*** AVAILABLE DATA ***

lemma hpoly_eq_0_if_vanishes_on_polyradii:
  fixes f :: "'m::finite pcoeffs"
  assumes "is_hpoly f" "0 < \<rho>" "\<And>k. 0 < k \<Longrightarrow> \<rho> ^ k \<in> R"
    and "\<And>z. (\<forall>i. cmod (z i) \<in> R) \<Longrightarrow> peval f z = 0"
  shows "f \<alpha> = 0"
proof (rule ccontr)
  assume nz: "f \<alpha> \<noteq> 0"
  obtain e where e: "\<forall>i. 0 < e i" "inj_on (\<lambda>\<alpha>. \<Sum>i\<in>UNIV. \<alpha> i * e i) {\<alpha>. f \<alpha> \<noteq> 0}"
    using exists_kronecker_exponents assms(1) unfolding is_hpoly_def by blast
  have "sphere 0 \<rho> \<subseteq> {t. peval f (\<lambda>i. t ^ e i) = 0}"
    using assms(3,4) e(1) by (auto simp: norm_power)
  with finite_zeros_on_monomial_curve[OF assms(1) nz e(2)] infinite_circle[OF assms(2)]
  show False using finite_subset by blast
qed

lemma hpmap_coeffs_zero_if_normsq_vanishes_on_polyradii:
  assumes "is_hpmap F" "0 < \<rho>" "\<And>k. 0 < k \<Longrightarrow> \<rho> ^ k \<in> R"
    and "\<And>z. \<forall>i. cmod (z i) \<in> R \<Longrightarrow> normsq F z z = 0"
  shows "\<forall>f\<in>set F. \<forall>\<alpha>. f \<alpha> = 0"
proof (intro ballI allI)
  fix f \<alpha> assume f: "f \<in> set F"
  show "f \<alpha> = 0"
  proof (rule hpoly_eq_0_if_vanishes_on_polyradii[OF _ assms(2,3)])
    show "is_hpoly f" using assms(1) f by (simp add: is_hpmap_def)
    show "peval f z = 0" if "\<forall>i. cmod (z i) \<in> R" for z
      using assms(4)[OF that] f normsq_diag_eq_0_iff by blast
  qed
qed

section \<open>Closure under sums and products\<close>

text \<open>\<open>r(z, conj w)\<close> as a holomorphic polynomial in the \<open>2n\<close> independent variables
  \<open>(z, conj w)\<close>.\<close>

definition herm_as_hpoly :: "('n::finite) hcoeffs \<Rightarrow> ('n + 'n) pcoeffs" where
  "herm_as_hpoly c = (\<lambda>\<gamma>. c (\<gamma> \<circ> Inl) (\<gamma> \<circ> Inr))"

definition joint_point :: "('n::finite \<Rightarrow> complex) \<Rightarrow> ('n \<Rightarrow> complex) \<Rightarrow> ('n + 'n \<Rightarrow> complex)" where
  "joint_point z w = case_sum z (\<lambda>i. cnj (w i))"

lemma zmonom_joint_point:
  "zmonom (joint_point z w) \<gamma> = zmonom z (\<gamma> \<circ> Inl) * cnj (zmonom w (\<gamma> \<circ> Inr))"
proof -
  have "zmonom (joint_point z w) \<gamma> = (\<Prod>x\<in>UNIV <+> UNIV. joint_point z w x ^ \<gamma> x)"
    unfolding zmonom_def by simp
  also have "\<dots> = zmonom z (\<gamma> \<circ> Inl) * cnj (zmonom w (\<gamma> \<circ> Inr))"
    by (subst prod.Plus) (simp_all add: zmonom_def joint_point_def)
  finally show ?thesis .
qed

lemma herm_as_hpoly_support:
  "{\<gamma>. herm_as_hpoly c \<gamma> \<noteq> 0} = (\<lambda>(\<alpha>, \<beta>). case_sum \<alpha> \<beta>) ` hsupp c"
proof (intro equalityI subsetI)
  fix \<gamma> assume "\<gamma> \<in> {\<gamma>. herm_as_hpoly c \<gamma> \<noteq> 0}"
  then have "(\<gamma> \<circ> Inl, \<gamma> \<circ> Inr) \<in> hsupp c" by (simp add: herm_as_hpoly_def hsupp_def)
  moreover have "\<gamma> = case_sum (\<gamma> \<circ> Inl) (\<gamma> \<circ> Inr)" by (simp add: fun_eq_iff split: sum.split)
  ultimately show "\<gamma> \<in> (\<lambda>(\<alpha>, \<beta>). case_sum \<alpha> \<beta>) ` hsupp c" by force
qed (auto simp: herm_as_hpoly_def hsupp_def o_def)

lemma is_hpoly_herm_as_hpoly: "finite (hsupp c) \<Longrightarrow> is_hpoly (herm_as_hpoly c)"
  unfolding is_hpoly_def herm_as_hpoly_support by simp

*** End of AVAILABLE DATA ***
*** AVAILABLE DATA ***

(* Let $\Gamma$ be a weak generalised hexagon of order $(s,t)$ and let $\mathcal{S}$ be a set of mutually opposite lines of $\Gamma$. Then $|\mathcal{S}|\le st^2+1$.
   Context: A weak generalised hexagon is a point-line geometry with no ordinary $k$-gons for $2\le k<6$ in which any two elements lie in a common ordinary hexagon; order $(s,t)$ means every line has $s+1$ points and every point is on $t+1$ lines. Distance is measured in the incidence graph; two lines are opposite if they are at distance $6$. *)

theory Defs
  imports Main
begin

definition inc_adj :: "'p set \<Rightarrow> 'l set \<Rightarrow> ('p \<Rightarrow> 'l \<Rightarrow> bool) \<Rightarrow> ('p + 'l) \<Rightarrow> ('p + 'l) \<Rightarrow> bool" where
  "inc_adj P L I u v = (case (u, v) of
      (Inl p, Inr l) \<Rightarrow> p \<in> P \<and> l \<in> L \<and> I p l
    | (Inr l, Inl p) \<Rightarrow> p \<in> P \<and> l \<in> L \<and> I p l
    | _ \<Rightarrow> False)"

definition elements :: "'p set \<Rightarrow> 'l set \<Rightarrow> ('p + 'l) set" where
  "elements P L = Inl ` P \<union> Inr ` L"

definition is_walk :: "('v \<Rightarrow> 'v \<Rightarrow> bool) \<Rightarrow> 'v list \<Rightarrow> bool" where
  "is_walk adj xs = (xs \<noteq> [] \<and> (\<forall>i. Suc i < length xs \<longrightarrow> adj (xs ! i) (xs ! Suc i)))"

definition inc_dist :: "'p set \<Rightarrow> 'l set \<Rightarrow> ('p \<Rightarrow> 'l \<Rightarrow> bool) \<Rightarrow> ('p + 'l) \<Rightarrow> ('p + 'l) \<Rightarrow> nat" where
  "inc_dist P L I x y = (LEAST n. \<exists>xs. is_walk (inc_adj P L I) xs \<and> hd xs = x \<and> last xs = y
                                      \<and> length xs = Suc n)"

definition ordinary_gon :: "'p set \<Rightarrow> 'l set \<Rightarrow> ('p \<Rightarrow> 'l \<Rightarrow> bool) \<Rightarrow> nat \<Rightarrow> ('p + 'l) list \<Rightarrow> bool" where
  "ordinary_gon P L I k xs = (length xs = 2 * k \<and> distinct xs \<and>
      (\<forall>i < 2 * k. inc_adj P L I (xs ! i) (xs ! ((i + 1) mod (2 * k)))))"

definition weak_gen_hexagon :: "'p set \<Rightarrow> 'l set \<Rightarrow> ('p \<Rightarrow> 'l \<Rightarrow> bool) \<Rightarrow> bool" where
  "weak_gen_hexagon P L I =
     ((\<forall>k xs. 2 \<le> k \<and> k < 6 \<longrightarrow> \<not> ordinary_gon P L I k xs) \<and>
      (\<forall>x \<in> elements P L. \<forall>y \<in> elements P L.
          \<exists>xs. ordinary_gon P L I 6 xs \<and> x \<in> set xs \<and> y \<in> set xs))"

*** End of AVAILABLE DATA ***

_REQUIREMENT_: Retype only this portion of the data above: the line containing "fun_eq_iff split: sum.split)", the line containing "unfolding is_hpoly_def herm_as_hpoly_support", and all lines between them, exactly.

_RESPONSE_:
  moreover have "\<gamma> = case_sum (\<gamma> \<circ> Inl) (\<gamma> \<circ> Inr)" by (simp add: fun_eq_iff split: sum.split)
  ultimately show "\<gamma> \<in> (\<lambda>(\<alpha>, \<beta>). case_sum \<alpha> \<beta>) ` hsupp c" by force
qed (auto simp: herm_as_hpoly_def hsupp_def o_def)

lemma is_hpoly_herm_as_hpoly: "finite (hsupp c) \<Longrightarrow> is_hpoly (herm_as_hpoly c)"
  unfolding is_hpoly_def herm_as_hpoly_support by simp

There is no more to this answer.